*** Block opens ***
(* Let $q$ be a prime with $q \equiv 3 \pmod 4$, and let $C_1 > \sqrt[4]{2}$. Suppose $E \subset \mathbb{F}_q^2$ satisfies $|E| > C_1 q^{7/4}$. Then there exists $C_2 > 0$ depending only on $C_1$ such that $|T_2(E)| \ge C_2 q^3$, where $T_2(E)$ is the set of congruence classes of triangles determined by $E$.
   Context: For $x=(x_1,x_2), y=(y_1,y_2) \in \mathbb{F}_q^2$ the "distance" is $\|x-y\| = (x_1-y_1)^2+(x_2-y_2)^2 \in \mathbb{F}_q$. A triangle determined by $E$ is a triple $(x^1,x^2,x^3)$ of points of $E$. Two triples $(x^1,x^2,x^3)$ and $(y^1,y^2,y^3)$ of points of $\mathbb{F}_q^2$ are congruent if there exist $\theta \in O_2(\mathbb{F}_q)$ (the group of $2\times 2$ matrices $A$ over $\mathbb{F}_q$ with $A^TA=I$) and $\tau \in \mathbb{F}_q^2$ such that $y^j = \theta x^j + \tau$ for $j=1,2,3$. $T_2(E)$ is the set of congruence classes (among all triples in $\mathbb{F}_q^2$) containing at least one triangle with vertices in $E$. *)

theory Defs
  imports Complex_Main "HOL-Computational_Algebra.Primes"
begin

text \<open>The prime field F_q is modelled by the residues {0..q-1} (as integers) with
  arithmetic mod q.  Points of F_q^2 are pairs of residues.\<close>

definition Fq :: "nat \<Rightarrow> int set" where
  "Fq q = {0..<int q}"

definition plane :: "nat \<Rightarrow> (int \<times> int) set" where
  "plane q = Fq q \<times> Fq q"

definition fdist :: "nat \<Rightarrow> int \<times> int \<Rightarrow> int \<times> int \<Rightarrow> int" where
  "fdist q x y = ((fst x - fst y)^2 + (snd x - snd y)^2) mod int q"

text \<open>O_2(F_q): matrices A = [[a,b],[c,d]] over F_q with A^T A = I.\<close>
definition O2 :: "nat \<Rightarrow> (int \<times> int \<times> int \<times> int) set" where
  "O2 q = {(a,b,c,d). a \<in> Fq q \<and> b \<in> Fq q \<and> c \<in> Fq q \<and> d \<in> Fq q \<and>
      (a*a + c*c) mod int q = 1 mod int q \<and>
      (b*b + d*d) mod int q = 1 mod int q \<and>
      (a*b + c*d) mod int q = 0}"

definition rigid_app :: "nat \<Rightarrow> int \<times> int \<times> int \<times> int \<Rightarrow> int \<times> int \<Rightarrow> int \<times> int \<Rightarrow> int \<times> int" where
  "rigid_app q \<theta> \<tau> x = (case \<theta> of (a,b,c,d) \<Rightarrow>
      ((a * fst x + b * snd x + fst \<tau>) mod int q, (c * fst x + d * snd x + snd \<tau>) mod int q))"

type_synonym tri = "(int \<times> int) \<times> (int \<times> int) \<times> (int \<times> int)"

definition triples :: "nat \<Rightarrow> tri set" where
  "triples q = plane q \<times> plane q \<times> plane q"

definition congruent :: "nat \<Rightarrow> tri \<Rightarrow> tri \<Rightarrow> bool" where
  "congruent q s t \<longleftrightarrow> (\<exists>\<theta>\<in>O2 q. \<exists>\<tau>\<in>plane q.
      (case s of (x1,x2,x3) \<Rightarrow> case t of (y1,y2,y3) \<Rightarrow>
        y1 = rigid_app q \<theta> \<tau> x1 \<and> y2 = rigid_app q \<theta> \<tau> x2 \<and> y3 = rigid_app q \<theta> \<tau> x3))"

definition cong_class :: "nat \<Rightarrow> tri \<Rightarrow> tri set" where
  "cong_class q t = {s \<in> triples q. congruent q t s}"

definition T2 :: "nat \<Rightarrow> (int \<times> int) set \<Rightarrow> tri set set" where
  "T2 q E = {C \<in> cong_class q ` triples q. \<exists>t\<in>C. t \<in> E \<times> E \<times> E}"

end

theory Submission
  imports Defs "HOL-Number_Theory.Residues"
begin

text \<open>Count pairs of congruent triangles with vertices in \<open>E\<close>. By Cauchy--Schwarz over the
  congruence classes, \<open>|E|\<^sup>6 \<le> |T\<^sub>2(E)| \<cdot> #{congruent pairs}\<close>, and a congruent pair
  \<open>(s, g s)\<close> is a rigid motion \<open>g\<close> together with a triangle in \<open>E \<inter> g\<^sup>-\<^sup>1 E\<close>, so there are at
  most \<open>\<Sum>\<^sub>g \<nu>(g)\<^sup>3\<close> of them, where \<open>\<nu>(g) = |E \<inter> g\<^sup>-\<^sup>1 E| \<le> |E|\<close>.
  For fixed rotation \<open>\<theta>\<close> the translates have mean overlap \<open>|E|\<^sup>2/q\<^sup>2\<close>, and Fourier analysis
  writes the variance \<open>\<Sum>\<^sub>\<tau> \<nu>\<^sup>2 - |E|\<^sup>4/q\<^sup>2\<close> as \<open>q\<^sup>-\<^sup>2 \<Sum>\<^sub>\<xi>\<^sub>\<noteq>\<^sub>0 |\<^bold>E(\<theta>\<^sup>T\<xi>)|\<^sup>2 |\<^bold>E(\<xi>)|\<^sup>2\<close> with \<open>\<^bold>E\<close>
  the Fourier transform of \<open>E\<close>. Since \<open>q \<equiv> 3 (mod 4)\<close>, \<open>x\<^sup>2 + y\<^sup>2\<close> has no nontrivial zero, so a
  line meets the unit circle in at most two points; hence \<open>|O\<^sub>2| \<le> 4q\<close> and \<open>\<theta> \<mapsto> \<theta>\<^sup>T\<xi>\<close> is at most
  4-to-1 for \<open>\<xi> \<noteq> 0\<close>, and Plancherel bounds the variance summed over \<open>\<theta>\<close> by \<open>4q\<^sup>2|E|\<^sup>2\<close>.
  This gives \<open>\<Sum>\<^sub>g \<nu>(g)\<^sup>3 \<le> 12q\<^sup>2|E|\<^sup>3 + 4|E|\<^sup>6/q\<^sup>3\<close>, whence \<open>|T\<^sub>2(E)| \<ge> C q\<^sup>3\<close> once \<open>|E|\<^sup>3 \<ge> C' q\<^sup>5\<close>.\<close>

section \<open>Residues modulo \<open>q\<close> and sums of two squares\<close>

lemma finite_Fq [simp]: "finite (Fq q)"
  by (simp add: Fq_def)

lemma card_Fq [simp]: "card (Fq q) = q"
  by (simp add: Fq_def)

lemma finite_plane [simp]: "finite (plane q)"
  by (simp add: plane_def)

lemma card_plane: "card (plane q) = q ^ 2"
  by (simp add: plane_def card_cartesian_product power2_eq_square)

lemma Fq_eq_if_dvd_diff:
  assumes "a \<in> Fq q" "b \<in> Fq q" "int q dvd a - b"
  shows "a = b"
proof -
  have "a mod int q = a" "b mod int q = b" using assms(1,2) by (auto simp: Fq_def)
  then show ?thesis using assms(3) by (metis mod_eq_dvd_iff)
qed

lemma plane_eq_if_dvd_diff:
  assumes "x \<in> plane q" "y \<in> plane q" "int q dvd fst x - fst y" "int q dvd snd x - snd y"
  shows "x = y"
  using assms Fq_eq_if_dvd_diff[of "fst x" q "fst y"] Fq_eq_if_dvd_diff[of "snd x" q "snd y"]
  by (auto simp: plane_def prod_eq_iff)

lemma mod_eq_1_iff_dvd: "(x::int) mod int q = 1 mod int q \<longleftrightarrow> int q dvd x - 1"
  by (simp add: mod_eq_dvd_iff)

lemma prime_not_dvd_1: "prime q \<Longrightarrow> \<not> int q dvd 1"
  using prime_gt_1_nat[of q] by simp

lemma fermat_theorem_int:
  fixes b :: int
  assumes "prime q" "\<not> int q dvd b"
  shows "[b ^ (q - 1) = 1] (mod int q)"
proof -
  define c where "c = nat (b mod int q)"
  have c: "int c = b mod int q" using prime_gt_0_nat[OF assms(1)] by (simp add: c_def)
  have "\<not> q dvd c"
  proof
    assume "q dvd c"
    then have "int q dvd b mod int q" using c by (metis int_dvd_int_iff)
    then show False using assms(2) by (simp add: dvd_mod_iff)
  qed
  then have "[c ^ (q - 1) = 1] (mod q)" using fermat_theorem assms(1) by blast
  then have "[int c ^ (q - 1) = 1] (mod int q)"
    using cong_int_iff[of "c ^ (q-1)" 1 q] by simp
  moreover have "[b ^ (q - 1) = int c ^ (q - 1)] (mod int q)"
    by (rule cong_pow) (simp add: c cong_def)
  ultimately show ?thesis using cong_trans by blast
qed

text \<open>For \<open>q \<equiv> 3 (mod 4)\<close>, \<open>-1\<close> is not a square mod \<open>q\<close>: raising \<open>x\<^sup>2 \<equiv> -y\<^sup>2\<close> to the odd
  power \<open>(q - 1) div 2\<close> would give \<open>1 \<equiv> -1\<close> by Fermat.\<close>
lemma prime_3_mod_4_dvd_sum_squares:
  fixes x y :: int
  assumes q: "prime q" "q mod 4 = 3" and dvd: "int q dvd x\<^sup>2 + y\<^sup>2"
  shows "int q dvd x \<and> int q dvd y"
proof -
  have pq: "prime (int q)" using q(1) by simp
  have "int q dvd u" if uv: "int q dvd u\<^sup>2 + v\<^sup>2" for u v :: int
  proof (rule ccontr)
    assume nu: "\<not> int q dvd u"
    have nv: "\<not> int q dvd v"
    proof
      assume "int q dvd v"
      then have "int q dvd v\<^sup>2" by (simp add: power2_eq_square)
      then have "int q dvd u\<^sup>2" using uv by (simp add: dvd_add_left_iff)
      then show False using nu pq prime_dvd_power by blast
    qed
    define k where "k = (q - 1) div 2"
    have qk: "q - 1 = 2 * k" and ok: "odd k" using q(2) unfolding k_def by presburger+
    have "[u\<^sup>2 = - (v\<^sup>2)] (mod int q)" using uv by (simp add: cong_iff_dvd_diff)
    then have "[(u\<^sup>2)^k = (- (v\<^sup>2))^k] (mod int q)" by (rule cong_pow)
    then have "[u^(q-1) = - (v^(q-1))] (mod int q)"
      using ok qk by (simp add: power_mult)
    moreover have "[u^(q-1) = 1] (mod int q)" using fermat_theorem_int q(1) nu by blast
    moreover have "[- (v^(q-1)) = - 1] (mod int q)" using fermat_theorem_int q(1) nv
      by (simp add: cong_minus_minus_iff)
    ultimately have "[1 = - 1] (mod int q)" by (meson cong_sym cong_trans)
    then have "int q dvd 2" by (simp add: cong_iff_dvd_diff)
    then have "q dvd 2" by presburger
    then have "q \<le> 2" by (simp add: dvd_imp_le)
    then show False using q(2) by simp
  qed
  from this[OF dvd] this[of y x] dvd show ?thesis by (simp add: add.commute)
qed

section \<open>Lines meet the unit circle in at most two points\<close>

lemma card_le_2_if_no_three_distinct:
  assumes "finite S"
    and "\<And>x y z. x \<in> S \<Longrightarrow> y \<in> S \<Longrightarrow> z \<in> S \<Longrightarrow> x \<noteq> y \<Longrightarrow> x \<noteq> z \<Longrightarrow> y \<noteq> z \<Longrightarrow> False"
  shows "card S \<le> 2"
proof (rule ccontr)
  assume "\<not> card S \<le> 2"
  then have "Suc 2 \<le> card S" by simp
  then obtain x y z where "x \<in> S" "y \<in> S" "z \<in> S" "x \<noteq> y" "x \<noteq> z" "y \<noteq> z"
    by (auto simp: card_le_Suc_iff numeral_2_eq_2)
  then show False using assms(2) by blast
qed

definition unit_circle_line :: "nat \<Rightarrow> int \<Rightarrow> int \<Rightarrow> int \<Rightarrow> (int \<times> int) set" where
  "unit_circle_line q s t h =
     {(a,c) \<in> Fq q \<times> Fq q. int q dvd a*s + c*t - h \<and> int q dvd a*a + c*c - 1}"

lemma finite_unit_circle_line [simp]: "finite (unit_circle_line q s t h)"
  by (rule finite_subset[of _ "Fq q \<times> Fq q"]) (auto simp: unit_circle_line_def)

lemma unit_circle_line_swap:
  "unit_circle_line q s t h = prod.swap ` unit_circle_line q t s h"
  by (force simp: unit_circle_line_def add.commute)
lemma cyc_update_Cons:
  assumes "ks \<noteq> []" "y \<notin> set ks" "hd ks \<notin> set (tl ks)"
  shows "cyc_update s (y # ks) = cyc_update s ks \<circ> transpose y (hd ks)"
proof -
  obtain h ks' where ks: "ks = h # ks'" using assms(1) by (cases ks) auto
  let ?rest = "zip (h # ks') ks'"
  have snd_rest: "map snd ?rest = ks'" by (simp add: map_snd_zip_take)
  define U where "U = fold (\<lambda>(a, b) f. f(b := s a)) ?rest s"
  have "U y = s y" unfolding U_def using assms(2) ks snd_rest by (intro fold_fun_upd_other) simp
  moreover have "cyc_update s (y # ks) = (U(h := s y))(y := s (last ks))"
    unfolding cyc_update_def U_def using ks assms(3) snd_rest fold_fun_upd_commute[of h ?rest s s "s y"]
    by simp
  moreover have "cyc_update s ks = U(h := s (last ks))"
    unfolding cyc_update_def U_def using ks by simp
  moreover have "y \<noteq> h" using assms(2) ks by simp
  ultimately show ?thesis using ks by (auto simp: transpose_def)
qed

definition greedy_chain_spec :: "nat \<Rightarrow> (nat \<Rightarrow> nat) \<Rightarrow> nat \<Rightarrow> nat \<Rightarrow> nat \<Rightarrow> nat list \<Rightarrow> bool" where
  "greedy_chain_spec n s c t y ks \<longleftrightarrow>
    ks \<noteq> [] \<and> hd ks = y \<and> set (tl ks) \<subseteq> {q. y < q \<and> c < q \<and> q \<le> n} \<and>
    (\<forall>q. q \<notin> set ks \<longrightarrow> cyc_update s ks q = s q) \<and> cyc_update s ks y = t \<and>
    (\<forall>q\<in>set ks. s y \<le> cyc_update s ks q) \<and> cyc_update s ks permutes {1..n} \<and>
    (\<forall>K. c \<le> K \<and> y \<le> K \<and> K \<le> n \<longrightarrow> cyc_update s ks ` {1..K} = bump t (s ` {1..K})) \<and>
    (\<forall>p. c < p \<and> Suc p \<le> n \<and> p \<noteq> y \<and> s p < s (Suc p) \<longrightarrow>
       cyc_update s ks p < cyc_update s ks (Suc p))"

lemma greedy_chain_spec_singleton:
  assumes "s permutes {1..n}" "s y = t" "1 \<le> y" "y \<le> n"
  shows "greedy_chain_spec n s c t y [y]"
proof -
  have "t \<in> s ` {1..K}" if "y \<le> K" for K using assms that by auto
  then show ?thesis unfolding greedy_chain_spec_def cyc_update_singleton bump_def using assms by auto
qed

text \<open>The inductive step of the greedy chain: \<open>l\<close> is the next index of the chain after \<open>y\<close>,
  and \<open>ks\<close> the rest of the chain starting at \<open>l\<close>.\<close>
locale greedy_chain_step =
  fixes n :: nat and s :: "nat \<Rightarrow> nat" and c t y l :: nat and ks :: "nat list"
  assumes perm: "s permutes {1..n}"
    and y: "1 \<le> y" "y < l" "s y < t"
    and l: "c < l" "l \<le> n" "s y < s l" "s l \<le> t"
    and least: "\<And>q. c < q \<Longrightarrow> q < l \<Longrightarrow> \<not> (s y < s q \<and> s q \<le> t)"
    and outside: "\<And>q. 1 \<le> q \<Longrightarrow> q \<le> c \<Longrightarrow> q \<noteq> y \<Longrightarrow> s q < s y \<or> t < s q"
    and t_late: "\<And>q. q < l \<Longrightarrow> s q \<noteq> t"
    and spec: "greedy_chain_spec n s c t l ks"
begin

abbreviation "D \<equiv> cyc_update s ks"

lemma chain_rest: "ks \<noteq> []" "hd ks = l" "set (tl ks) \<subseteq> {q. l < q \<and> c < q \<and> q \<le> n}"
    "\<And>q. q \<notin> set ks \<Longrightarrow> D q = s q" "D l = t" "\<And>q. q \<in> set ks \<Longrightarrow> s l \<le> D q"
    "D permutes {1..n}"
    "\<And>K. c \<le> K \<Longrightarrow> l \<le> K \<Longrightarrow> K \<le> n \<Longrightarrow> D ` {1..K} = bump t (s ` {1..K})"
    "\<And>p. c < p \<Longrightarrow> Suc p \<le> n \<Longrightarrow> p \<noteq> l \<Longrightarrow> s p < s (Suc p) \<Longrightarrow> D p < D (Suc p)"
  using spec unfolding greedy_chain_spec_def by blast+

lemma set_ks: "q \<in> set ks \<longleftrightarrow> q = l \<or> q \<in> set (tl ks)"
  using chain_rest(1,2) by (cases ks) auto

lemma D_below: "q < l \<Longrightarrow> D q = s q"
  using chain_rest(3,4) set_ks by force

lemma D_y: "D y = s y"
  using D_below y by simp

lemma cyc_update_y_Cons: "cyc_update s (y # ks) = D \<circ> transpose y l"
proof -
  have "y \<notin> set ks" "hd ks \<notin> set (tl ks)" using chain_rest(2,3) set_ks y by auto
  then show ?thesis using cyc_update_Cons[OF chain_rest(1)] chain_rest(2) by simp
qed

lemma Max_prefix_le_t: "Max {z \<in> s ` {1..K}. z \<le> t} = s y" if "y \<le> K" "K < l"
proof (rule Max_eqI)
  show "s y \<in> {z \<in> s ` {1..K}. z \<le> t}" using y that by auto
  fix z assume "z \<in> {z \<in> s ` {1..K}. z \<le> t}"
  then obtain q where q: "q \<in> {1..K}" "z = s q" "s q \<le> t" by auto
  show "z \<le> s y"
  proof (cases "q \<le> c")
    case True
    then show ?thesis using outside[of q] q by (cases "q = y") auto
  next
    case False
    then show ?thesis using least[of q] q that by auto
  qed
qed simp

lemma image_prefix:
  assumes "c \<le> K" "y \<le> K" "K \<le> n"
  shows "cyc_update s (y # ks) ` {1..K} = bump t (s ` {1..K})"
proof (cases "l \<le> K")
  case True
  have "transpose y l permutes {1..K}" using y True by (intro permutes_swap_id) auto
  then show ?thesis using chain_rest(8)[OF assms(1) True assms(3)]
    unfolding cyc_update_y_Cons image_comp[symmetric] by (simp add: permutes_image)
next
  case False
  have "transpose y l ` {1..K} = insert l ({1..K} - {y})"
    using False y assms(2) by (auto simp: transpose_def image_iff)
  moreover have "D ` ({1..K} - {y}) = s ` ({1..K} - {y})"
    using D_below False by (intro image_cong) auto
  moreover have "s ` ({1..K} - {y}) = s ` {1..K} - {s y}"
    using permutes_inj[OF perm] by (simp add: image_set_diff)
  moreover have "t \<notin> s ` {1..K}"
  proof
    assume "t \<in> s ` {1..K}"
    then obtain q where "q \<in> {1..K}" "s q = t" by auto
    then show False using t_late[of q] False by simp
  qed
  ultimately show ?thesis unfolding cyc_update_y_Cons image_comp[symmetric] bump_def
    using chain_rest(5) Max_prefix_le_t[OF assms(2)] False by simp
qed
(* Let $\mathcal{A}$ be a toric line arrangement in $\mathbb{T}^2$ consisting of exactly $3$ lines, with $f_0$ vertices and $f_2$ chambers, and suppose $f_0<f_2<2f_0$. Then $f_2-f_0$ divides $f_0$.
   Context: Let $\mathbb{T}^2=\mathbb{R}^2/\mathbb{Z}^2$ with quotient map $\pi:\mathbb{R}^2\to\mathbb{T}^2$. A toric line is the image $\pi(L)$ of a line $L=\{(x,y)\in\mathbb{R}^2: ax+by=c\}$ with $a,b\in\mathbb{Z}$ coprime and $c\in\mathbb{R}$; it is said to be of type $(a,b)$. A toric line arrangement is a finite set $\mathcal{A}=\{l_1,\dots,l_n\}$ of distinct toric lines which is essential, i.e. not all of its lines are of the same type (not all lines are parallel). The vertices of $\mathcal{A}$ are the points of $\mathbb{T}^2$ lying on at least two lines of $\mathcal{A}$; the chambers are the connected components of $\mathbb{T}^2\setminus\bigcup_i l_i$. We write $f_0$ and $f_2$ for the numbers of vertices and chambers. *)

theory Defs
  imports "HOL-Analysis.Analysis"
begin

text \<open>The torus T^2 = R^2/Z^2, with points represented by their unique
representatives in [0,1) x [0,1); the quotient map is componentwise frac.\<close>

definition torus_map :: "real \<times> real \<Rightarrow> real \<times> real" where
  "torus_map p = (frac (fst p), frac (snd p))"

definition torus_space :: "(real \<times> real) set" where
  "torus_space = {0..<1} \<times> {0..<1}"

definition torus_top :: "(real \<times> real) topology" where
  "torus_top = topology (\<lambda>U. U \<subseteq> torus_space \<and> open (torus_map -` U))"

definition toric_line_of_type :: "(real \<times> real) set \<Rightarrow> int \<Rightarrow> int \<Rightarrow> bool" where
  "toric_line_of_type l a b \<longleftrightarrow> coprime a b \<and>
     (\<exists>c::real. l = torus_map ` {p. of_int a * fst p + of_int b * snd p = c})"

definition toric_line :: "(real \<times> real) set \<Rightarrow> bool" where
  "toric_line l \<longleftrightarrow> (\<exists>a b. toric_line_of_type l a b)"

text \<open>A toric line arrangement: finite set of distinct toric lines, essential
(not all lines of the same type, i.e. some two lines are not parallel).\<close>
definition toric_arrangement :: "(real \<times> real) set set \<Rightarrow> bool" where
  "toric_arrangement A \<longleftrightarrow> finite A \<and> (\<forall>l\<in>A. toric_line l) \<and>
     (\<exists>l1\<in>A. \<exists>l2\<in>A. \<exists>a1 b1 a2 b2. toric_line_of_type l1 a1 b1 \<and>
        toric_line_of_type l2 a2 b2 \<and> a1 * b2 \<noteq> a2 * b1)"

definition arr_vertices :: "(real \<times> real) set set \<Rightarrow> (real \<times> real) set" where
  "arr_vertices A = {p \<in> torus_space. \<exists>l1\<in>A. \<exists>l2\<in>A. l1 \<noteq> l2 \<and> p \<in> l1 \<and> p \<in> l2}"

definition arr_chambers :: "(real \<times> real) set set \<Rightarrow> (real \<times> real) set set" where
  "arr_chambers A = connected_components_of (subtopology torus_top (torus_space - \<Union>A))"

definition f0 :: "(real \<times> real) set set \<Rightarrow> nat" where
  "f0 A = card (arr_vertices A)"

definition f2 :: "(real \<times> real) set set \<Rightarrow> nat" where
  "f2 A = card (arr_chambers A)"

end

theory Submission
  imports Defs
begin

text \<open>
  Write the three lines as l_i = {L_i \<in> \<int>} with L_i(p) = a_i x + b_i y - c_i, l_1 and l_2
  not parallel. The affine map Lv = (L_1, L_2, L_3) from \<real>^2 to \<real>^3 is injective with image
  the plane {wd = gam}, where wd u = w \<bullet> u for the cross product w of the coefficient vectors.
  Translating p by \<int>^2 moves Lv p by the lattice Lam = Nl(\<int>^2) (Nl the linear part of Lv),
  which lies in Kint = \<int>^3 \<inter> {wd = 0}. Hence vertices correspond to Lam-classes of points of
  the plane with two integral coordinates (vertex_points), and chambers to Lam-classes of the
  integer parts of points Lv p off the lines (chamber_labels), since the cells on which the
  integer part is constant are open and convex.

  Both sets are Kint-invariant, so f_0 = [Kint:Lam] x and f_2 = [Kint:Lam] s, where x and s
  count Kint-classes. With g = gcd (w_1, w_2, w_3) the level wd/g separates Kint-classes:
  chamber labels have levels in an open interval (alpha, alpha + nlevels), so
  s \<le> nlevels - [alpha \<in> \<int>]; the points on lines j and k give |w_i|/g distinct classes,
  and classes shared by two pairs of lines come from triple points, which form at most one
  class, existing only if alpha \<in> \<int>; so x \<ge> nlevels - 2 [alpha \<in> \<int>]. Thus s \<le> x + 1,
  f_0 < f_2 forces s = x + 1, and f_2 - f_0 = [Kint:Lam] divides f_0 = [Kint:Lam] x.
\<close>

section \<open>Topology of the torus\<close>

lemma card_components_eq_card_values:
  assumes open_fibre: "\<And>x. x \<in> topspace X \<Longrightarrow> openin X {y \<in> topspace X. f y = f x}"
    and connected_fibre: "\<And>x. x \<in> topspace X \<Longrightarrow> connectedin X {y \<in> topspace X. f y = f x}"
  shows "card (connected_components_of X) = card (f ` topspace X)"
proof -
  define fibre where "fibre v = {y \<in> topspace X. f y = v}" for v
  have component: "connected_component_of_set X x = fibre (f x)" if x: "x \<in> topspace X" for x
  proof (rule connected_component_of_unique)
    show "x \<in> fibre (f x)" using x by (simp add: fibre_def)
    show "connectedin X (fibre (f x))" using connected_fibre x by (simp add: fibre_def)
    fix C assume C: "x \<in> C \<and> connectedin X C"
    have "topspace X - fibre (f x) = (\<Union>z\<in>topspace X - fibre (f x). fibre (f z))"
      by (auto simp: fibre_def)
    moreover have "openin X (\<Union>z\<in>topspace X - fibre (f x). fibre (f z))"
      using open_fibre by (intro openin_Union) (auto simp: fibre_def)
    ultimately have "closedin X (fibre (f x))"
      by (simp add: closedin_def fibre_def)
    then have "C \<subseteq> fibre (f x) \<or> disjnt C (fibre (f x))"
      using connectedin_clopen_cases C open_fibre x unfolding fibre_def by blast
    then show "C \<subseteq> fibre (f x)" using C x by (auto simp: disjnt_def fibre_def)
  qed
  have "connected_components_of X = fibre ` f ` topspace X"
    unfolding connected_components_of_def using component by (auto simp: image_iff)
  moreover have "inj_on fibre (f ` topspace X)"
    by (auto simp: inj_on_def fibre_def)
  ultimately show ?thesis by (simp add: card_image)
qed

lemma istopology_torus: "istopology (\<lambda>U. U \<subseteq> torus_space \<and> open (torus_map -` U))"
  unfolding istopology_def by (auto simp: vimage_Union intro!: open_Union)

lemma openin_torus: "openin torus_top U \<longleftrightarrow> U \<subseteq> torus_space \<and> open (torus_map -` U)"
  unfolding torus_top_def using istopology_torus by simp

lemma torus_map_in: "torus_map p \<in> torus_space"
  by (simp add: torus_map_def torus_space_def frac_lt_1)

lemma topspace_torus: "topspace torus_top = torus_space"
proof -
  have "torus_map -` torus_space = UNIV" using torus_map_in by auto
  then have "openin torus_top torus_space" unfolding openin_torus by auto
  then show ?thesis
    by (metis openin_subset openin_torus openin_topspace subset_antisym)
qed

lemma continuous_map_torus_map: "continuous_map euclidean torus_top torus_map"
  unfolding continuous_map_def topspace_torus
  by (auto simp: torus_map_in openin_torus vimage_def)

lemma torus_map_shift: "torus_map p = p + (- of_int \<lfloor>fst p\<rfloor>, - of_int \<lfloor>snd p\<rfloor>)"
  by (simp add: torus_map_def frac_def prod_eq_iff)

section \<open>Cosets and indices in abelian groups\<close>

definition add_subgroup :: "'a::ab_group_add set \<Rightarrow> bool" where
  "add_subgroup H \<longleftrightarrow> 0 \<in> H \<and> (\<forall>x\<in>H. \<forall>y\<in>H. x - y \<in> H)"

definition add_coset :: "'a::ab_group_add set \<Rightarrow> 'a \<Rightarrow> 'a set" where
  "add_coset H y = (+) y ` H"

lemma add_subgroup_diff: "add_subgroup H \<Longrightarrow> x \<in> H \<Longrightarrow> y \<in> H \<Longrightarrow> x - y \<in> H"
  unfolding add_subgroup_def by blast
*** Block closes ***
In the data above, start at the line that has "using D_below y by simp", stop after the line that has "y that by auto", and print every line in between exactly as it stands.

  using D_below y by simp

lemma cyc_update_y_Cons: "cyc_update s (y # ks) = D \<circ> transpose y l"
proof -
  have "y \<notin> set ks" "hd ks \<notin> set (tl ks)" using chain_rest(2,3) set_ks y by auto
  then show ?thesis using cyc_update_Cons[OF chain_rest(1)] chain_rest(2) by simp
qed

lemma Max_prefix_le_t: "Max {z \<in> s ` {1..K}. z \<le> t} = s y" if "y \<le> K" "K < l"
proof (rule Max_eqI)
  show "s y \<in> {z \<in> s ` {1..K}. z \<le> t}" using y that by auto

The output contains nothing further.